Activity
Read through the entries below and copy each line where "solution" turns up.

Records supplied
* * *
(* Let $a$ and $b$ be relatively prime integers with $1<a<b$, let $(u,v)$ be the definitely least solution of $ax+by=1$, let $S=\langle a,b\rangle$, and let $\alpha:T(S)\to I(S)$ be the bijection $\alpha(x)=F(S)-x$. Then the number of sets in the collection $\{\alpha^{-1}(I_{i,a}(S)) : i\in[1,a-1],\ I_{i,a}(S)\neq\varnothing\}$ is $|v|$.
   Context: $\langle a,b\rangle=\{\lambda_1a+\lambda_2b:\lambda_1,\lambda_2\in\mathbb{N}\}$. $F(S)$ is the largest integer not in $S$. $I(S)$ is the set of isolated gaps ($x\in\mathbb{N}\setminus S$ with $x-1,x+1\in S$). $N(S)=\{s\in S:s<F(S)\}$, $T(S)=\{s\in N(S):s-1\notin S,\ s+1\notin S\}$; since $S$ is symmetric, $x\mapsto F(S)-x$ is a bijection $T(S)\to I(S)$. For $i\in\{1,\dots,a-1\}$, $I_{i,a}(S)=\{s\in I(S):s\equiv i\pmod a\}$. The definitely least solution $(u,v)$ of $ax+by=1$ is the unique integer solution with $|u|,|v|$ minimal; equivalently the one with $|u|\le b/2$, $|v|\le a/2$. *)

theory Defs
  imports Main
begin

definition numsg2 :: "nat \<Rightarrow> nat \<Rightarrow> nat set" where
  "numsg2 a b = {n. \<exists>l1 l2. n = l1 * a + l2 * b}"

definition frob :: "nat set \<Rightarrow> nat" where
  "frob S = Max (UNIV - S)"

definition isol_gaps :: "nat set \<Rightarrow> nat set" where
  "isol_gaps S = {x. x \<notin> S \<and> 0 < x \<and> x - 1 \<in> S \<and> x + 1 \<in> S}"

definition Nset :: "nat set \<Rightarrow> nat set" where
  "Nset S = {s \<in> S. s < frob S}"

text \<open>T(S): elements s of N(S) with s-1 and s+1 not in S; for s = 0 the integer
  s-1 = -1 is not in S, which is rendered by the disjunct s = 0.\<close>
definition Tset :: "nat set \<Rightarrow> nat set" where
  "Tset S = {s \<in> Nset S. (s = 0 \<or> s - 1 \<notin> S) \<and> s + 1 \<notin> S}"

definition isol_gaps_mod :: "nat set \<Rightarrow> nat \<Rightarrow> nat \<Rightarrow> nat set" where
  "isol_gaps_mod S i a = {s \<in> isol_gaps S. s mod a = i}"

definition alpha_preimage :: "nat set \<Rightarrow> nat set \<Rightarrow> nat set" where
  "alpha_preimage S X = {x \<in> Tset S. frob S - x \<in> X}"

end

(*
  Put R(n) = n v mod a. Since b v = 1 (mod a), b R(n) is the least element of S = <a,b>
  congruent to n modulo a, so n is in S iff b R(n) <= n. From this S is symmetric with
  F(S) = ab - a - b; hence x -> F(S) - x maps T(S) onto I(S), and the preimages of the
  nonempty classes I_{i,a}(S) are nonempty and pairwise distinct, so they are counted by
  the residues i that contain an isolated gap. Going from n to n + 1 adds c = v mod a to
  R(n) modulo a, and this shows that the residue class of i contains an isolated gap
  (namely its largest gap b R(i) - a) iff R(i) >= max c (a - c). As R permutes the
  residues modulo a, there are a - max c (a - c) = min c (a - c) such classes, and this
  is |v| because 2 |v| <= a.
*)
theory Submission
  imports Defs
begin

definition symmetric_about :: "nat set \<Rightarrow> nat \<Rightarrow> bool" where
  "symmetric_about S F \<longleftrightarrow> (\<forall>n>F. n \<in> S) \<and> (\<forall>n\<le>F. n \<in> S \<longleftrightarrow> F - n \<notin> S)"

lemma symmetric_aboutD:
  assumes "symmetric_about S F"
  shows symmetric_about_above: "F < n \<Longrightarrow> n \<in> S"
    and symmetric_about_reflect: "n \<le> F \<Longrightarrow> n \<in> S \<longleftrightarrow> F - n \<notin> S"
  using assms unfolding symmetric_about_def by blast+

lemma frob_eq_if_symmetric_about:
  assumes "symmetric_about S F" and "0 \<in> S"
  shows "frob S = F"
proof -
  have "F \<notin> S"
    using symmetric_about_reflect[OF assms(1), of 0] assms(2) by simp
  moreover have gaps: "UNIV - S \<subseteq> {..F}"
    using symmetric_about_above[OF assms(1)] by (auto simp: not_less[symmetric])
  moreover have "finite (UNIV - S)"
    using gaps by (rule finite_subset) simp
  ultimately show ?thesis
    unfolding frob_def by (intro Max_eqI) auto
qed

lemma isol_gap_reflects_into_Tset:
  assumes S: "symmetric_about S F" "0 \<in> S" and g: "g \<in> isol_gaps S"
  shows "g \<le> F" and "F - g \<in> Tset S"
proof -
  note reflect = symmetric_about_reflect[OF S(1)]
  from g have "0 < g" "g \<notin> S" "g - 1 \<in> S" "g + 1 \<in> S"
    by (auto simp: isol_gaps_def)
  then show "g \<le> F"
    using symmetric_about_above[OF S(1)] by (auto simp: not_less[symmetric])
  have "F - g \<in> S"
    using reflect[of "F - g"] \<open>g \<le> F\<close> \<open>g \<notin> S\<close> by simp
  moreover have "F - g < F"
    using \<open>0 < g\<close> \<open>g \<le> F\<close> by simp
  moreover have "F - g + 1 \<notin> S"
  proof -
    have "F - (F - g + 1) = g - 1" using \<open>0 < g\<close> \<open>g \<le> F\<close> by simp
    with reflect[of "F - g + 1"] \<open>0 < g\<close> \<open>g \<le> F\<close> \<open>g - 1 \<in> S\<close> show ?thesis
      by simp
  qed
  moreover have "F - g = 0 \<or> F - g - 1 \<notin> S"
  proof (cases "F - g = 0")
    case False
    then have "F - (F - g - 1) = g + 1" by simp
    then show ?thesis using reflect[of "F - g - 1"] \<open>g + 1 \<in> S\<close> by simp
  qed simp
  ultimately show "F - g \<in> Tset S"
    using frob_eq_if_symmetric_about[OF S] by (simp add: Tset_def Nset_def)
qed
* * *
Answer below
(* Let $a$ and $b$ be relatively prime integers with $1<a<b$, let $(u,v)$ be the definitely least solution of $ax+by=1$, let $S=\langle a,b\rangle$, and let $\alpha:T(S)\to I(S)$ be the bijection $\alpha(x)=F(S)-x$. Then the number of sets in the collection $\{\alpha^{-1}(I_{i,a}(S)) : i\in[1,a-1],\ I_{i,a}(S)\neq\varnothing\}$ is $|v|$.
   Context: $\langle a,b\rangle=\{\lambda_1a+\lambda_2b:\lambda_1,\lambda_2\in\mathbb{N}\}$. $F(S)$ is the largest integer not in $S$. $I(S)$ is the set of isolated gaps ($x\in\mathbb{N}\setminus S$ with $x-1,x+1\in S$). $N(S)=\{s\in S:s<F(S)\}$, $T(S)=\{s\in N(S):s-1\notin S,\ s+1\notin S\}$; since $S$ is symmetric, $x\mapsto F(S)-x$ is a bijection $T(S)\to I(S)$. For $i\in\{1,\dots,a-1\}$, $I_{i,a}(S)=\{s\in I(S):s\equiv i\pmod a\}$. The definitely least solution $(u,v)$ of $ax+by=1$ is the unique integer solution with $|u|,|v|$ minimal; equivalently the one with $|u|\le b/2$, $|v|\le a/2$. *)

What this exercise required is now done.